Stored data

lemma level_constant_through_limit_point:
  fixes f :: "'a::euclidean_space \<Rightarrow> 'a" and y :: "real \<Rightarrow> 'a" and V :: "'a \<Rightarrow> real"
  assumes lip: "\<And>R. \<exists>L. L-lipschitz_on (cball 0 R) f"
    and growth: "\<And>p. inner p (f p) \<le> K * (1 + (norm p)\<^sup>2)\<^sup>2" and "K > 0"
    and sol: "\<And>t. (y has_vector_derivative f (y t)) (at t)"
    and V_cont: "\<And>p. isCont V p" and V_mono: "\<And>s t. s \<le> t \<Longrightarrow> V (y s) \<le> V (y t)"
    and tn: "filterlim tn at_top sequentially" and lim: "(\<lambda>n. y (tn n)) \<longlonglongrightarrow> q"
  obtains \<delta> z where "\<delta> > 0" "z 0 = q"
    "\<And>t. t \<in> {0<..<\<delta>} \<Longrightarrow> (z has_vector_derivative f (z t)) (at t)"
    "\<And>t. t \<in> {0..\<delta>} \<Longrightarrow> V (z t) = V q"
proof -
  have V_lim: "(\<lambda>n. V (y (tn n))) \<longlonglongrightarrow> V q" by (rule isCont_tendsto_compose[OF V_cont lim])
  have V_le: "V (y t) \<le> V q" for t
  proof (rule tendsto_lowerbound[OF V_lim])
    have "eventually (\<lambda>n. t \<le> tn n) sequentially" using tn by (simp add: filterlim_at_top)
    then show "eventually (\<lambda>n. V (y t) \<le> V (y (tn n))) sequentially"
      by eventually_elim (rule V_mono)
  qed simp
  define M where "M = norm q + 1"
  define \<tau> where "\<tau> = 1 / (4 * K * (1 + M\<^sup>2))"
  define R where "R = 2 * M + 2"
  have "M \<ge> 0" "\<tau> > 0" unfolding M_def \<tau>_def using \<open>K > 0\<close> by (auto simp: add_pos_nonneg)
  have "eventually (\<lambda>n. norm (y (tn n)) < M) sequentially"
    unfolding M_def by (rule order_tendstoD[OF tendsto_norm[OF lim]]) simp
  then have bounded: "eventually (\<lambda>n. \<forall>r\<in>{0..\<tau>}. norm (y (tn n + r)) \<le> R) sequentially"
  proof eventually_elim
    case (elim n)
    show ?case
    proof
      fix r assume "r \<in> {0..\<tau>}"
      then show "norm (y (tn n + r)) \<le> R"
        unfolding R_def
        by (intro solution_norm_bound[where f=f and y=y and s="tn n", OF growth \<open>K > 0\<close> sol])
          (use elim in \<open>auto simp: \<tau>_def\<close>)
    qed
  qed
  obtain L where lipR: "L-lipschitz_on (cball 0 R) f" using lip by blast
  have "L-lipschitz_on (cball 0 (M + 1)) f"
    by (rule lipschitz_on_subset[OF lipR]) (use \<open>M \<ge> 0\<close> in \<open>auto simp: R_def\<close>)
  then obtain \<delta>0 where "\<delta>0 > 0" and local_sol: "\<And>p t0. norm p \<le> M \<Longrightarrow> \<exists>z. z t0 = p \<and>
        continuous_on {t0..t0+\<delta>0} z \<and> (\<forall>t\<in>{t0..t0+\<delta>0}. norm (z t) \<le> M + 1) \<and>
        (\<forall>t\<in>{t0<..<t0+\<delta>0}. (z has_vector_derivative f (z t)) (at t))"
    using local_solution_exists[OF _ \<open>M \<ge> 0\<close>] by blast
  have "norm q \<le> M" unfolding M_def by simp
  from local_sol[OF this, of 0] obtain z where z: "z 0 = q" "continuous_on {0..\<delta>0} z"
    "\<And>t. t \<in> {0..\<delta>0} \<Longrightarrow> norm (z t) \<le> M + 1"
    "\<And>t. t \<in> {0<..<\<delta>0} \<Longrightarrow> (z has_vector_derivative f (z t)) (at t)"
    unfolding add_0_left by blast
  define \<delta> where "\<delta> = min \<delta>0 \<tau>"
  have "\<delta> > 0" unfolding \<delta>_def using \<open>\<delta>0 > 0\<close> \<open>\<tau> > 0\<close> by simp
  have "V (z s) = V q" if s: "s \<in> {0..\<delta>}" for s
  proof -
    have "(\<lambda>n. y (tn n + s)) \<longlonglongrightarrow> z s"
    proof (rule shifted_solutions_tendsto[OF lipR sol lim])
      show "eventually (\<lambda>n. \<forall>r\<in>{0..s}. norm (y (tn n + r)) \<le> R) sequentially"
        using bounded by eventually_elim (use s in \<open>auto simp: \<delta>_def\<close>)
      show "continuous_on {0..s} z" by (rule continuous_on_subset[OF z(2)]) (use s in \<open>auto simp: \<delta>_def\<close>)
      show "norm (z r) \<le> R" if "r \<in> {0..s}" for r
        using z(3)[of r] that s \<open>M \<ge> 0\<close> by (auto simp: \<delta>_def R_def)
    qed (use s z in \<open>auto simp: \<delta>_def\<close>)
    then have "(\<lambda>n. V (y (tn n + s))) \<longlonglongrightarrow> V (z s)" by (rule isCont_tendsto_compose[OF V_cont])
    moreover have "(\<lambda>n. V (y (tn n + s))) \<longlonglongrightarrow> V q"
    proof (rule tendsto_sandwich[OF _ _ V_lim tendsto_const])
      show "eventually (\<lambda>n. V (y (tn n)) \<le> V (y (tn n + s))) sequentially" using V_mono s by simp
      show "eventually (\<lambda>n. V (y (tn n + s)) \<le> V q) sequentially" using V_le by simp
    qed
    ultimately show ?thesis by (rule LIMSEQ_unique)
  qed
  moreover have "(z has_vector_derivative f (z t)) (at t)" if "t \<in> {0<..<\<delta>}" for t
    using z(4) that by (auto simp: \<delta>_def)
  ultimately show thesis using that \<open>\<delta> > 0\<close> z(1) by blast
qed

section \<open>The vector field\<close>

lemma abs_components_le_norm:
  fixes p :: "real \<times> real \<times> real"
  shows "\<bar>fst p\<bar> \<le> norm p" "\<bar>fst (snd p)\<bar> \<le> norm p" "\<bar>snd (snd p)\<bar> \<le> norm p"
proof -
  obtain a b c where p: "p = (a, b, c)" by (cases p) auto
  show "\<bar>fst p\<bar> \<le> norm p" using norm_fst_le[of a "(b, c)"] p by simp
  show "\<bar>fst (snd p)\<bar> \<le> norm p" using norm_fst_le[of b c] norm_snd_le[of "(b, c)" a] p by simp
  show "\<bar>snd (snd p)\<bar> \<le> norm p" using norm_snd_le[of c b] norm_snd_le[of "(b, c)" a] p by simp
qed

lemma norm_triple_le: "norm ((a::real), (b::real), (c::real)) \<le> \<bar>a\<bar> + \<bar>b\<bar> + \<bar>c\<bar>"
  using norm_Pair_le[of a "(b, c)"] norm_Pair_le[of b c] by simp

lemma abs_mult_diff_le:
  fixes a b c d :: real
  assumes "\<bar>a\<bar> \<le> R" "\<bar>d\<bar> \<le> R" "\<bar>b - d\<bar> \<le> e" "\<bar>a - c\<bar> \<le> e"
  shows "\<bar>a * b - c * d\<bar> \<le> 2 * R * e"
proof -
  have "a * b - c * d = a * (b - d) + d * (a - c)" by (simp add: algebra_simps)
  also have "\<bar>\<dots>\<bar> \<le> \<bar>a\<bar> * \<bar>b - d\<bar> + \<bar>d\<bar> * \<bar>a - c\<bar>" by (metis abs_mult abs_triangle_ineq)
  also have "\<dots> \<le> R * e + R * e" by (intro add_mono mult_mono) (use assms in auto)
  finally show ?thesis by simp
qed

■ Task statement ■
Would you repeat all of the data above, word for word?

■ Answer area ■
lemma level_constant_through_limit_point:
  fixes f :: "'a::euclidean_space \<Rightarrow> 'a" and y :: "real \<Rightarrow> 'a" and V :: "'a \<Rightarrow> real"
  assumes lip: "\<And>R. \<exists>L. L-lipschitz_on (cball 0 R) f"
    and growth: "\<And>p. inner p (f p) \<le> K * (1 + (norm p)\<^sup>2)\<^sup>2" and "K > 0"
    and sol: "\<And>t. (y has_vector_derivative f (y t)) (at t)"
    and V_cont: "\<And>p. isCont V p" and V_mono: "\<And>s t. s \<le> t \<Longrightarrow> V (y s) \<le> V (y t)"
    and tn: "filterlim tn at_top sequentially" and lim: "(\<lambda>n. y (tn n)) \<longlonglongrightarrow> q"
  obtains \<delta> z where "\<delta> > 0" "z 0 = q"
    "\<And>t. t \<in> {0<..<\<delta>} \<Longrightarrow> (z has_vector_derivative f (z t)) (at t)"
    "\<And>t. t \<in> {0..\<delta>} \<Longrightarrow> V (z t) = V q"
proof -
  have V_lim: "(\<lambda>n. V (y (tn n))) \<longlonglongrightarrow> V q" by (rule isCont_tendsto_compose[OF V_cont lim])
  have V_le: "V (y t) \<le> V q" for t
  proof (rule tendsto_lowerbound[OF V_lim])
    have "eventually (\<lambda>n. t \<le> tn n) sequentially" using tn by (simp add: filterlim_at_top)
    then show "eventually (\<lambda>n. V (y t) \<le> V (y (tn n))) sequentially"
      by eventually_elim (rule V_mono)
  qed simp
  define M where "M = norm q + 1"
  define \<tau> where "\<tau> = 1 / (4 * K * (1 + M\<^sup>2))"
  define R where "R = 2 * M + 2"
  have "M \<ge> 0" "\<tau> > 0" unfolding M_def \<tau>_def using \<open>K > 0\<close> by (auto simp: add_pos_nonneg)
  have "eventually (\<lambda>n. norm (y (tn n)) < M) sequentially"
    unfolding M_def by (rule order_tendstoD[OF tendsto_norm[OF lim]]) simp
  then have bounded: "eventually (\<lambda>n. \<forall>r\<in>{0..\<tau>}. norm (y (tn n + r)) \<le> R) sequentially"
  proof eventually_elim
    case (elim n)
    show ?case
    proof
      fix r assume "r \<in> {0..\<tau>}"
      then show "norm (y (tn n + r)) \<le> R"
        unfolding R_def
        by (intro solution_norm_bound[where f=f and y=y and s="tn n", OF growth \<open>K > 0\<close> sol])
          (use elim in \<open>auto simp: \<tau>_def\<close>)
    qed
  qed
  obtain L where lipR: "L-lipschitz_on (cball 0 R) f" using lip by blast
  have "L-lipschitz_on (cball 0 (M + 1)) f"
    by (rule lipschitz_on_subset[OF lipR]) (use \<open>M \<ge> 0\<close> in \<open>auto simp: R_def\<close>)
  then obtain \<delta>0 where "\<delta>0 > 0" and local_sol: "\<And>p t0. norm p \<le> M \<Longrightarrow> \<exists>z. z t0 = p \<and>
        continuous_on {t0..t0+\<delta>0} z \<and> (\<forall>t\<in>{t0..t0+\<delta>0}. norm (z t) \<le> M + 1) \<and>
        (\<forall>t\<in>{t0<..<t0+\<delta>0}. (z has_vector_derivative f (z t)) (at t))"
    using local_solution_exists[OF _ \<open>M \<ge> 0\<close>] by blast
  have "norm q \<le> M" unfolding M_def by simp
  from local_sol[OF this, of 0] obtain z where z: "z 0 = q" "continuous_on {0..\<delta>0} z"
    "\<And>t. t \<in> {0..\<delta>0} \<Longrightarrow> norm (z t) \<le> M + 1"
    "\<And>t. t \<in> {0<..<\<delta>0} \<Longrightarrow> (z has_vector_derivative f (z t)) (at t)"
    unfolding add_0_left by blast
  define \<delta> where "\<delta> = min \<delta>0 \<tau>"
  have "\<delta> > 0" unfolding \<delta>_def using \<open>\<delta>0 > 0\<close> \<open>\<tau> > 0\<close> by simp
  have "V (z s) = V q" if s: "s \<in> {0..\<delta>}" for s
  proof -
    have "(\<lambda>n. y (tn n + s)) \<longlonglongrightarrow> z s"
    proof (rule shifted_solutions_tendsto[OF lipR sol lim])
      show "eventually (\<lambda>n. \<forall>r\<in>{0..s}. norm (y (tn n + r)) \<le> R) sequentially"
        using bounded by eventually_elim (use s in \<open>auto simp: \<delta>_def\<close>)
      show "continuous_on {0..s} z" by (rule continuous_on_subset[OF z(2)]) (use s in \<open>auto simp: \<delta>_def\<close>)
      show "norm (z r) \<le> R" if "r \<in> {0..s}" for r
        using z(3)[of r] that s \<open>M \<ge> 0\<close> by (auto simp: \<delta>_def R_def)
    qed (use s z in \<open>auto simp: \<delta>_def\<close>)
    then have "(\<lambda>n. V (y (tn n + s))) \<longlonglongrightarrow> V (z s)" by (rule isCont_tendsto_compose[OF V_cont])
    moreover have "(\<lambda>n. V (y (tn n + s))) \<longlonglongrightarrow> V q"
    proof (rule tendsto_sandwich[OF _ _ V_lim tendsto_const])
      show "eventually (\<lambda>n. V (y (tn n)) \<le> V (y (tn n + s))) sequentially" using V_mono s by simp
      show "eventually (\<lambda>n. V (y (tn n + s)) \<le> V q) sequentially" using V_le by simp
    qed
    ultimately show ?thesis by (rule LIMSEQ_unique)
  qed
  moreover have "(z has_vector_derivative f (z t)) (at t)" if "t \<in> {0<..<\<delta>}" for t
    using z(4) that by (auto simp: \<delta>_def)
  ultimately show thesis using that \<open>\<delta> > 0\<close> z(1) by blast
qed

section \<open>The vector field\<close>

lemma abs_components_le_norm:
  fixes p :: "real \<times> real \<times> real"
  shows "\<bar>fst p\<bar> \<le> norm p" "\<bar>fst (snd p)\<bar> \<le> norm p" "\<bar>snd (snd p)\<bar> \<le> norm p"
proof -
  obtain a b c where p: "p = (a, b, c)" by (cases p) auto
  show "\<bar>fst p\<bar> \<le> norm p" using norm_fst_le[of a "(b, c)"] p by simp
  show "\<bar>fst (snd p)\<bar> \<le> norm p" using norm_fst_le[of b c] norm_snd_le[of "(b, c)" a] p by simp
  show "\<bar>snd (snd p)\<bar> \<le> norm p" using norm_snd_le[of c b] norm_snd_le[of "(b, c)" a] p by simp
qed

lemma norm_triple_le: "norm ((a::real), (b::real), (c::real)) \<le> \<bar>a\<bar> + \<bar>b\<bar> + \<bar>c\<bar>"
  using norm_Pair_le[of a "(b, c)"] norm_Pair_le[of b c] by simp

lemma abs_mult_diff_le:
  fixes a b c d :: real
  assumes "\<bar>a\<bar> \<le> R" "\<bar>d\<bar> \<le> R" "\<bar>b - d\<bar> \<le> e" "\<bar>a - c\<bar> \<le> e"
  shows "\<bar>a * b - c * d\<bar> \<le> 2 * R * e"
proof -
  have "a * b - c * d = a * (b - d) + d * (a - c)" by (simp add: algebra_simps)
  also have "\<bar>\<dots>\<bar> \<le> \<bar>a\<bar> * \<bar>b - d\<bar> + \<bar>d\<bar> * \<bar>a - c\<bar>" by (metis abs_mult abs_triangle_ineq)
  also have "\<dots> \<le> R * e + R * e" by (intro add_mono mult_mono) (use assms in auto)
  finally show ?thesis by simp
qed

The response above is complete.